Task to carry out -> Go through the data and copy each line where the word "unfolded" shows up.

Records for this exercise ->
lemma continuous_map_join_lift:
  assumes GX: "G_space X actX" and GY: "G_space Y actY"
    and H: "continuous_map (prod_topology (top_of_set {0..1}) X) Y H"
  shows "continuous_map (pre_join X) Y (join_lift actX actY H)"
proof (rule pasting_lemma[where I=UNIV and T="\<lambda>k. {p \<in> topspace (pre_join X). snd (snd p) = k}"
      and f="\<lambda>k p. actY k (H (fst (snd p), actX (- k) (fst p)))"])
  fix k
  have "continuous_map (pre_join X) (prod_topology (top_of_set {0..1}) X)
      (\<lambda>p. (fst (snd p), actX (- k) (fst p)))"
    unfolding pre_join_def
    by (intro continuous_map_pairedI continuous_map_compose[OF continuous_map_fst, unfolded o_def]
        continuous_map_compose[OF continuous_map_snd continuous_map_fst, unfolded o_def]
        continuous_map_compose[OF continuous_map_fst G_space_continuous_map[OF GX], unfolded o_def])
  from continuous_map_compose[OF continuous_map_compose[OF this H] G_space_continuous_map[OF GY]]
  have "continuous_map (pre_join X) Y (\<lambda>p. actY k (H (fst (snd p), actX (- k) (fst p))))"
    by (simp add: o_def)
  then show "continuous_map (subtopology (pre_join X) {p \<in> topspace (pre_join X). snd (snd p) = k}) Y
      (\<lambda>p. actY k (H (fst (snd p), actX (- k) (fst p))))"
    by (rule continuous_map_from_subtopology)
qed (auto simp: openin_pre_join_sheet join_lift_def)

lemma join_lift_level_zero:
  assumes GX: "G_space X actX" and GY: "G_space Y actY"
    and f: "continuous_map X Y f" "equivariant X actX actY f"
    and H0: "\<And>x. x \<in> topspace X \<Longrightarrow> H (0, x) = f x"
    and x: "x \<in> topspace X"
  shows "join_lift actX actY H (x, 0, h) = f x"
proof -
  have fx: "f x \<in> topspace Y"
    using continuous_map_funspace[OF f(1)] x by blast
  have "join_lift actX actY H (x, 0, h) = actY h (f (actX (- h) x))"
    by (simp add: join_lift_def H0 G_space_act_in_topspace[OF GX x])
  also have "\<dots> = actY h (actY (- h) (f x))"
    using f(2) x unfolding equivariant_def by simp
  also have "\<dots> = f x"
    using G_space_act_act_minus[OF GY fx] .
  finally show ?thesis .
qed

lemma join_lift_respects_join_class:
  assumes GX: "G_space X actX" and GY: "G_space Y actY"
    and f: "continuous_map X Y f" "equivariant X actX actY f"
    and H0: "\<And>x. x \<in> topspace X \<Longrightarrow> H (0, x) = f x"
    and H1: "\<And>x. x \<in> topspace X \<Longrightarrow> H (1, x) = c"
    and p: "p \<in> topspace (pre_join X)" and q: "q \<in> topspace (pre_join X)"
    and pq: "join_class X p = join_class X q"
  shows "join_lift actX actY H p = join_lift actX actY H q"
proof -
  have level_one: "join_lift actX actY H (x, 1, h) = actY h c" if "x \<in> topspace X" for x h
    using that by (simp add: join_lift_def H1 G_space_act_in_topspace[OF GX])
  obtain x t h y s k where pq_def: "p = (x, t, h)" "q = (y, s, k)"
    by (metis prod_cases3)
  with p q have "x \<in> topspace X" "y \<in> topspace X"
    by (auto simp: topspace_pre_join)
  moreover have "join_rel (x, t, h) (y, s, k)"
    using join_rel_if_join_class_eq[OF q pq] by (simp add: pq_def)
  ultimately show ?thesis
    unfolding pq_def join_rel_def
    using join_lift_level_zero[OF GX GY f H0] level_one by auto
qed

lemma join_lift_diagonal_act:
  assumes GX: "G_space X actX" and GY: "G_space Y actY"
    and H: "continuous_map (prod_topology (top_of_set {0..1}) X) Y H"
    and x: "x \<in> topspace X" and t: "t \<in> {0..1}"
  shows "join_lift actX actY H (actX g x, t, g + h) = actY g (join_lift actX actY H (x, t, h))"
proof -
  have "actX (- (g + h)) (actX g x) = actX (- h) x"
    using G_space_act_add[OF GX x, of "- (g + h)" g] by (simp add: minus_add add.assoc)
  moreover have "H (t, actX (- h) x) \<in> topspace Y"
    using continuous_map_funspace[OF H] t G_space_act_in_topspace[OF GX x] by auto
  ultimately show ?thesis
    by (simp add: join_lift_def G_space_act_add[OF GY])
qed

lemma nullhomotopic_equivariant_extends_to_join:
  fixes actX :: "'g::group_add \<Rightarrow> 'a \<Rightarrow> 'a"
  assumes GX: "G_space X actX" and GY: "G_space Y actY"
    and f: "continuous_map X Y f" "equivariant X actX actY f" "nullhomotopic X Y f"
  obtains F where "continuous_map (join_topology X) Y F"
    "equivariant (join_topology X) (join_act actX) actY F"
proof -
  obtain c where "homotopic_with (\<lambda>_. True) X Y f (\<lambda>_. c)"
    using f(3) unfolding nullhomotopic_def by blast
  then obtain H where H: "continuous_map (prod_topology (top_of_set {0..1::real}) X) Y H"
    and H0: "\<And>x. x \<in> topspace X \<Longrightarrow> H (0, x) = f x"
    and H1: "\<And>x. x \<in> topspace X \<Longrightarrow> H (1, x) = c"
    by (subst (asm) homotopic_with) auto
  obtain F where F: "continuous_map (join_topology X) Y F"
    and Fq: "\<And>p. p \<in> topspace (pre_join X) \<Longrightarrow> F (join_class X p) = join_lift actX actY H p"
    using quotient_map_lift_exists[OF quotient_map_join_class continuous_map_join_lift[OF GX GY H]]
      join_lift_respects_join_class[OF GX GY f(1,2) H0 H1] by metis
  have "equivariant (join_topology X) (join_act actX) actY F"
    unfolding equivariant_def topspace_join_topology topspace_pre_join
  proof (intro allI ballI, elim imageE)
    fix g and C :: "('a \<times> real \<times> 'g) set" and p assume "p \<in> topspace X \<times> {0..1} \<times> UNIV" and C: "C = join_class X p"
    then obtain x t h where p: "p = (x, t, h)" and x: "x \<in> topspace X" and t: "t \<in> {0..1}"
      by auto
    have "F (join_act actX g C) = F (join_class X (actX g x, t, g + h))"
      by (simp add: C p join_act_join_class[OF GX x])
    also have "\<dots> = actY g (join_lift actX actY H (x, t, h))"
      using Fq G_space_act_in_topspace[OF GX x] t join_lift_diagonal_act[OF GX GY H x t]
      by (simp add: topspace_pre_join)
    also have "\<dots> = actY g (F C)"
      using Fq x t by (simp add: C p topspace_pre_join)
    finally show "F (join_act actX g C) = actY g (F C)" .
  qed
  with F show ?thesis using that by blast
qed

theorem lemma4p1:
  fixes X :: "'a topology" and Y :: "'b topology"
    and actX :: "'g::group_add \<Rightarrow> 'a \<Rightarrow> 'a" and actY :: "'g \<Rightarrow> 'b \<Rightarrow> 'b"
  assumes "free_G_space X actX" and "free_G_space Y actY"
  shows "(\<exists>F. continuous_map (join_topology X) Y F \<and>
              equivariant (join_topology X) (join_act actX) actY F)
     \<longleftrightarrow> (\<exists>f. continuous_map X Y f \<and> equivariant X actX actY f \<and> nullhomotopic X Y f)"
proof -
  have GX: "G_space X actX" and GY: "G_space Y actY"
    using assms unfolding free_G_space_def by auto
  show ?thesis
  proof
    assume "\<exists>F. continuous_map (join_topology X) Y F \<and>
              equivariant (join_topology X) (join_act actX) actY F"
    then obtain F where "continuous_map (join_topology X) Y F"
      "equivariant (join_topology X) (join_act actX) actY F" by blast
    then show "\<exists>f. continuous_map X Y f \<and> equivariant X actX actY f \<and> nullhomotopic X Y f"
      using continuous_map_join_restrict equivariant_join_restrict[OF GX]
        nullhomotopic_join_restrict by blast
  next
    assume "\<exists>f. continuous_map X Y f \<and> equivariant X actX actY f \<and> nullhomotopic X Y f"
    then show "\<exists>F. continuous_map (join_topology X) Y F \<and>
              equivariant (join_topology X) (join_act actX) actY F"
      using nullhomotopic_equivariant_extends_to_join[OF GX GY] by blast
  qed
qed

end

Result ->
    by (intro continuous_map_pairedI continuous_map_compose[OF continuous_map_fst, unfolded o_def]
        continuous_map_compose[OF continuous_map_snd continuous_map_fst, unfolded o_def]
        continuous_map_compose[OF continuous_map_fst G_space_continuous_map[OF GX], unfolded o_def])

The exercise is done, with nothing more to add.